#### [PROBLEM TO WORK ON]
Wherever a line in the data below holds "with", copy that line.

#### [INPUT]

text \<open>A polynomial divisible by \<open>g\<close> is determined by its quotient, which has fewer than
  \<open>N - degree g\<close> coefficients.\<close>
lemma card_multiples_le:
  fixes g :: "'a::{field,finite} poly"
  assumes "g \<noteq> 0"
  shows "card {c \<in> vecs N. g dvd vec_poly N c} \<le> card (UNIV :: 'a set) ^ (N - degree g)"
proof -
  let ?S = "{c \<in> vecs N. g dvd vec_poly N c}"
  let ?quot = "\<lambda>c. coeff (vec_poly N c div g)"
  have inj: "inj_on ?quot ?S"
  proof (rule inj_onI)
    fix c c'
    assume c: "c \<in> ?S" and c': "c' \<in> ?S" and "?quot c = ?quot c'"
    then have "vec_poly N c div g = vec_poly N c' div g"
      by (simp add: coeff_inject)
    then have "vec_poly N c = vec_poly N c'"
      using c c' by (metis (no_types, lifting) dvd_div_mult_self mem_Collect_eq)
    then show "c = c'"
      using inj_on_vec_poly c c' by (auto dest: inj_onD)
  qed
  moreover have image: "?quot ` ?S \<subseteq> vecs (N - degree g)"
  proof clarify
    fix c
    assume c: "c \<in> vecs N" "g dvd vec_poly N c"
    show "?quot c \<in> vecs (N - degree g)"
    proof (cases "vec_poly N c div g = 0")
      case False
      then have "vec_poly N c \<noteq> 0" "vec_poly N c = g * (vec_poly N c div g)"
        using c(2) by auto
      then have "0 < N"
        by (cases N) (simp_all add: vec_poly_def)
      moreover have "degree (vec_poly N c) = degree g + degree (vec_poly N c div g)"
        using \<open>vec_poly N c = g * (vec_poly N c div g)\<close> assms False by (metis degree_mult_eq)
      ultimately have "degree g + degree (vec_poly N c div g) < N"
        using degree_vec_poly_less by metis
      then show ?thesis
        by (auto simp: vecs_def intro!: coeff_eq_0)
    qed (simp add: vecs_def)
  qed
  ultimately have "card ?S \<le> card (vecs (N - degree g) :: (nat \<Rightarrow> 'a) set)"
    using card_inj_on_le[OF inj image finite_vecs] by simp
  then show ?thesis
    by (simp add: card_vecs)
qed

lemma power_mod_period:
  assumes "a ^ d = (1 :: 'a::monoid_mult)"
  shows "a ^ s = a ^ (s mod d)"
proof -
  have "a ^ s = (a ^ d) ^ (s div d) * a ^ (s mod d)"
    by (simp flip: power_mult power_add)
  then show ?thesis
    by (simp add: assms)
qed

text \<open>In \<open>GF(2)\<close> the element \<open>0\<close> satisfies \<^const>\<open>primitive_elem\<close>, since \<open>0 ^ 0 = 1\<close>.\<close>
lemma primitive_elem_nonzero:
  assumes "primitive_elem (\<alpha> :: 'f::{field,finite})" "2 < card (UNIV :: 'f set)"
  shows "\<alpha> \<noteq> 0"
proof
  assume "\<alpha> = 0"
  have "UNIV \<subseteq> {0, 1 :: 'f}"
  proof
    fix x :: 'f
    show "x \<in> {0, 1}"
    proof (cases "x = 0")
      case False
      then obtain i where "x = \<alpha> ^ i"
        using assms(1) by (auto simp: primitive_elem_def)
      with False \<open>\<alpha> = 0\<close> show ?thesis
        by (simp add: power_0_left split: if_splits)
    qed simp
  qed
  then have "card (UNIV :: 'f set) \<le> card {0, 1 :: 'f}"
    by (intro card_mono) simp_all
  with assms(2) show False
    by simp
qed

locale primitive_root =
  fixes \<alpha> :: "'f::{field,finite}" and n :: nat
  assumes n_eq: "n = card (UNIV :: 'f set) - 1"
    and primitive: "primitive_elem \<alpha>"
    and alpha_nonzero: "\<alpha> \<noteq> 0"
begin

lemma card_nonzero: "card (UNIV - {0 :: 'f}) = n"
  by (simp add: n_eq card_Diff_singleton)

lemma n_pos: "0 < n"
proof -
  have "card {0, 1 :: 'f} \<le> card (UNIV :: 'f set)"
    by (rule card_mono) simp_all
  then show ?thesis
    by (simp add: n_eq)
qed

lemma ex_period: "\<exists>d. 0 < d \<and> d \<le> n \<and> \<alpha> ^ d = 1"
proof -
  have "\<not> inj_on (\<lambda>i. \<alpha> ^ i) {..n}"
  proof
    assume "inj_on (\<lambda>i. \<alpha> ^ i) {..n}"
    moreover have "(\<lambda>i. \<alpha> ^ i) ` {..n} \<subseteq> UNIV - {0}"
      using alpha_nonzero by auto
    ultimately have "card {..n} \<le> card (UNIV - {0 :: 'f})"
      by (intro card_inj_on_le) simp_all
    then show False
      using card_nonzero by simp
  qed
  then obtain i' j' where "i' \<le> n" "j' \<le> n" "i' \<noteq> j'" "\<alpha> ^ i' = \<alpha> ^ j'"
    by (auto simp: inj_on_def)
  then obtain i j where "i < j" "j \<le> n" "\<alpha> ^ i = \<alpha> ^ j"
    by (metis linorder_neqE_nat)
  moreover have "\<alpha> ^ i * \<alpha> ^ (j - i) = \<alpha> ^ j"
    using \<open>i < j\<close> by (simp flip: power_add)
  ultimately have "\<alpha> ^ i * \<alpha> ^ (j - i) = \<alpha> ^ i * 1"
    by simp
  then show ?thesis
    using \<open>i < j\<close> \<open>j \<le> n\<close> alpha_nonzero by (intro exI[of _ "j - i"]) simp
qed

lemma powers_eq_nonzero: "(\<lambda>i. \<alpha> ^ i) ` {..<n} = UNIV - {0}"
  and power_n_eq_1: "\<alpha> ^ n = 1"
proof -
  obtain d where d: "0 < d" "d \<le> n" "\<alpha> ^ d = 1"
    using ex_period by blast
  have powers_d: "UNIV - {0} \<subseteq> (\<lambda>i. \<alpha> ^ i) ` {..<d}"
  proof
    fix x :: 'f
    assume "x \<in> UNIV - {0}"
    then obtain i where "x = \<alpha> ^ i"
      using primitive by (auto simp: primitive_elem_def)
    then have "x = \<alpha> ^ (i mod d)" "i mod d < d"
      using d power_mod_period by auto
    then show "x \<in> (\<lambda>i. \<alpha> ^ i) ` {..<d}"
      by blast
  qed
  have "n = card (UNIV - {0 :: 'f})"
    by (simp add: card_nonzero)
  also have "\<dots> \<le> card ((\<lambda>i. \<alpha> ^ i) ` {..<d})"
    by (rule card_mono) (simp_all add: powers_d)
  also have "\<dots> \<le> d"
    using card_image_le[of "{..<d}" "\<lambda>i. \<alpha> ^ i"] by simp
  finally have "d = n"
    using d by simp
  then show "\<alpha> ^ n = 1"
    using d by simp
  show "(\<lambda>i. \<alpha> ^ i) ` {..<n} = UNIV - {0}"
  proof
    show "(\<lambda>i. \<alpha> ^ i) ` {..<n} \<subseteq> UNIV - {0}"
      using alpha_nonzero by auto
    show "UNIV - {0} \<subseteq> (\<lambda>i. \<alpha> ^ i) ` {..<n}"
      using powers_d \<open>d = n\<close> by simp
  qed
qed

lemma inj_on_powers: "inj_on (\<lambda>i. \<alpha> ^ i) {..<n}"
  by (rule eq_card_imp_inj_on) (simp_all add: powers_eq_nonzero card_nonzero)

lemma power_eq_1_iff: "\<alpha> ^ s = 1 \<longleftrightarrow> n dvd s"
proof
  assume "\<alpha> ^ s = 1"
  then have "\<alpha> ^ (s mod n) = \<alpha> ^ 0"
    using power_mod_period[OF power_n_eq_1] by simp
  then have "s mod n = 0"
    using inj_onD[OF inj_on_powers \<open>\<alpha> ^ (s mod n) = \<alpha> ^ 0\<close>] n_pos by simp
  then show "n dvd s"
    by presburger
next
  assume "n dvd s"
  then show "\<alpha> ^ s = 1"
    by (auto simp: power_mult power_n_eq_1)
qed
---
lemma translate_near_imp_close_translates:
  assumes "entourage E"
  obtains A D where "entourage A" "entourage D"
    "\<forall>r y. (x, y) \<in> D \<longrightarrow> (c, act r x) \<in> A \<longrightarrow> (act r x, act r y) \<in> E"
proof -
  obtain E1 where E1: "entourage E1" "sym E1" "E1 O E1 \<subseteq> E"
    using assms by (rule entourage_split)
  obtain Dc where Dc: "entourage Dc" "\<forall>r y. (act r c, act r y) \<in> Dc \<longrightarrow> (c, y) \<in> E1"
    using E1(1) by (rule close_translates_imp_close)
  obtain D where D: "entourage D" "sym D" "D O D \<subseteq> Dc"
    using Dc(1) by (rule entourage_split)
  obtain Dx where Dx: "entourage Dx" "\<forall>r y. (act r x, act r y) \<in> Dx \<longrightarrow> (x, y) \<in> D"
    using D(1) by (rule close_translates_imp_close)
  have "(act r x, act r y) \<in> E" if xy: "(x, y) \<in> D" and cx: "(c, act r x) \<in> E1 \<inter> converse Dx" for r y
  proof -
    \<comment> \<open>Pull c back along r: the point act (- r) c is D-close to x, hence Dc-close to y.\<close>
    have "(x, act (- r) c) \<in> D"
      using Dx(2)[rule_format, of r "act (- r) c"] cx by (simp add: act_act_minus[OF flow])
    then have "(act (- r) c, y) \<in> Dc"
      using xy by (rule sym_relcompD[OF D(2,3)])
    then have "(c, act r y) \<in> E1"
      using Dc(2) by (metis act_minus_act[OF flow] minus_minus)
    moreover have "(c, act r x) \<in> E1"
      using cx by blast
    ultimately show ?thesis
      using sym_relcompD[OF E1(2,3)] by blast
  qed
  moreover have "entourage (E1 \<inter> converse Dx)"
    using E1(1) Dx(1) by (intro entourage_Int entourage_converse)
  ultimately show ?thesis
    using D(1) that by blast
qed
--
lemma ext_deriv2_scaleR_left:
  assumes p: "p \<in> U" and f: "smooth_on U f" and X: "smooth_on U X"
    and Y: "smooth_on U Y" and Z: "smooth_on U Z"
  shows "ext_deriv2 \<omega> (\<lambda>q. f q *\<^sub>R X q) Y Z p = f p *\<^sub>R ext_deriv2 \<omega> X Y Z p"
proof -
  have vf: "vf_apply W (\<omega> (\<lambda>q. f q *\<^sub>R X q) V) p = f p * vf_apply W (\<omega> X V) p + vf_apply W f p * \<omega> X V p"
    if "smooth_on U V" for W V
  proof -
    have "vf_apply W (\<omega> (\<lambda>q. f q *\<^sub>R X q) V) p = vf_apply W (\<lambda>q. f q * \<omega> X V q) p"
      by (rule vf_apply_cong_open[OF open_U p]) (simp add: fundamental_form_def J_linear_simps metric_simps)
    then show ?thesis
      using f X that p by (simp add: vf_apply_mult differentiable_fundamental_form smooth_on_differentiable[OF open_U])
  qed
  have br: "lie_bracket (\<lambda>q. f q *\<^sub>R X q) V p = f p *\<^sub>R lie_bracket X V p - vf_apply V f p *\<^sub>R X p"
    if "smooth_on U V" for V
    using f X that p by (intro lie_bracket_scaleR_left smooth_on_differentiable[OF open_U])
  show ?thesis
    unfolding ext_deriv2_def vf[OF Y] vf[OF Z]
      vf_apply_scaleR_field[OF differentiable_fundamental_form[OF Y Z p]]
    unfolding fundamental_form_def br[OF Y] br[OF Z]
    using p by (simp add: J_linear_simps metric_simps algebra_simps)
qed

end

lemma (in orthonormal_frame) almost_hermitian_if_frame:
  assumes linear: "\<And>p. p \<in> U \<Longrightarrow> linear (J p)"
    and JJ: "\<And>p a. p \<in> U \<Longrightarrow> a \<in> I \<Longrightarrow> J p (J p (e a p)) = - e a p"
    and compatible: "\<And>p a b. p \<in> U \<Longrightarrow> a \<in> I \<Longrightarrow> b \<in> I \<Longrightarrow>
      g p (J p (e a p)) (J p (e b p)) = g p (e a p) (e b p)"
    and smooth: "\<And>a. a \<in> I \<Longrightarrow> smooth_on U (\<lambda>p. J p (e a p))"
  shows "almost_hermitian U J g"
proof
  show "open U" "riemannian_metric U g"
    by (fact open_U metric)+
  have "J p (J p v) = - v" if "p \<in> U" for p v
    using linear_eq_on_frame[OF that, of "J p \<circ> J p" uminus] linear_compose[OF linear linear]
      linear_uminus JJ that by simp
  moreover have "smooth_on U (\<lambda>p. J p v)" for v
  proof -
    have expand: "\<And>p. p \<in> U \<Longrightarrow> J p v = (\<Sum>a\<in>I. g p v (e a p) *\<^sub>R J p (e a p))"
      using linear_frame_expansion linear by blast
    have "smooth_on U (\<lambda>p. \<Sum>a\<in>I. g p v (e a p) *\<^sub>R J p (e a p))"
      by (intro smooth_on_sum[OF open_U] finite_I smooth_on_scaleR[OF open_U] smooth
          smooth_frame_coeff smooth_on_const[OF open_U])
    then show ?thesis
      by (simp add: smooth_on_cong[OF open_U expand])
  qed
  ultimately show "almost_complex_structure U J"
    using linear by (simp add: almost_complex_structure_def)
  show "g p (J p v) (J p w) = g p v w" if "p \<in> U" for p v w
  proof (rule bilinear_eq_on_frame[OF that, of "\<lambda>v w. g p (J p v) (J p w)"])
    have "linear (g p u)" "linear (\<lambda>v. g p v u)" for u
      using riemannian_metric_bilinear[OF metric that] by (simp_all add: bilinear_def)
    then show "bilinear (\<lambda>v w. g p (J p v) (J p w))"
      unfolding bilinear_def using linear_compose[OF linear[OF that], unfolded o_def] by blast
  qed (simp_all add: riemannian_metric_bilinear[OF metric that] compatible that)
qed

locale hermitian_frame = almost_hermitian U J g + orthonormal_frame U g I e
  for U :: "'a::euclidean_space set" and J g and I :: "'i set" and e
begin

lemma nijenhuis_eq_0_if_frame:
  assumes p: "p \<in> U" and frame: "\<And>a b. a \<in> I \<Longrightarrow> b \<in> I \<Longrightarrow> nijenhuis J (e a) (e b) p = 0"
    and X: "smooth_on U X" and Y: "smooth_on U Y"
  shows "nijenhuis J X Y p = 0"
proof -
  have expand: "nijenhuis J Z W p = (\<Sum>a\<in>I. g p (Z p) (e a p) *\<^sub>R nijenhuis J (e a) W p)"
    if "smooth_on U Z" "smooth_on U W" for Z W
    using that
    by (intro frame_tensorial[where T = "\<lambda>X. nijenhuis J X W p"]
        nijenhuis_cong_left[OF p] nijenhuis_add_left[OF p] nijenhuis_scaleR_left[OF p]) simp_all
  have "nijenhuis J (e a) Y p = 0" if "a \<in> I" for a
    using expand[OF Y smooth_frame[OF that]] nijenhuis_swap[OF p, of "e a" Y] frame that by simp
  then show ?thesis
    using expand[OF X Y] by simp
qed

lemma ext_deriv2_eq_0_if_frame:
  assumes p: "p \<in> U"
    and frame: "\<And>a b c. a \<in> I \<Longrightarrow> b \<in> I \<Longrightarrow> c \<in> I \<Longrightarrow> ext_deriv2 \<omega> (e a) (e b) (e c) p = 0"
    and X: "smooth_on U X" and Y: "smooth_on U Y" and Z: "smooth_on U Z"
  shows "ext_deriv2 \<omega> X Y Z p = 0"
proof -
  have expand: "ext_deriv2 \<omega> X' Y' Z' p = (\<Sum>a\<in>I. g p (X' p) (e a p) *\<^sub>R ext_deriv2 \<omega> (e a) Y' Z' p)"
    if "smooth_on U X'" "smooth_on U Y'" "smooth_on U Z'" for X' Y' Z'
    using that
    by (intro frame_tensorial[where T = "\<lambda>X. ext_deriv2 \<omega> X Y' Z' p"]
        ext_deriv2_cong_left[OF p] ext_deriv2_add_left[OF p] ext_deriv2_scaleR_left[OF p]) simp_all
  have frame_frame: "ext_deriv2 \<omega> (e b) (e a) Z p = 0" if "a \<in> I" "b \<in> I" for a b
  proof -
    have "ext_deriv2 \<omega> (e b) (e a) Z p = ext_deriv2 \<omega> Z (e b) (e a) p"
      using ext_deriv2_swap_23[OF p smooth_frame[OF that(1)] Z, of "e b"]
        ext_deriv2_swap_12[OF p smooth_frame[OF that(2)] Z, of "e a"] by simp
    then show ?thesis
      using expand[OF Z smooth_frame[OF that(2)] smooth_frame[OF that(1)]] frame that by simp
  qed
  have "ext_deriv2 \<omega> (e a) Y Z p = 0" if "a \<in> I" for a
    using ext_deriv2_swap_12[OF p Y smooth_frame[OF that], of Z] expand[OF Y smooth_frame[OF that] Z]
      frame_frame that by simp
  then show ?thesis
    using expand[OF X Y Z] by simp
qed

#### [ANSWER TO THE PROBLEM]
      with False \<open>\<alpha> = 0\<close> show ?thesis
  with assms(2) show False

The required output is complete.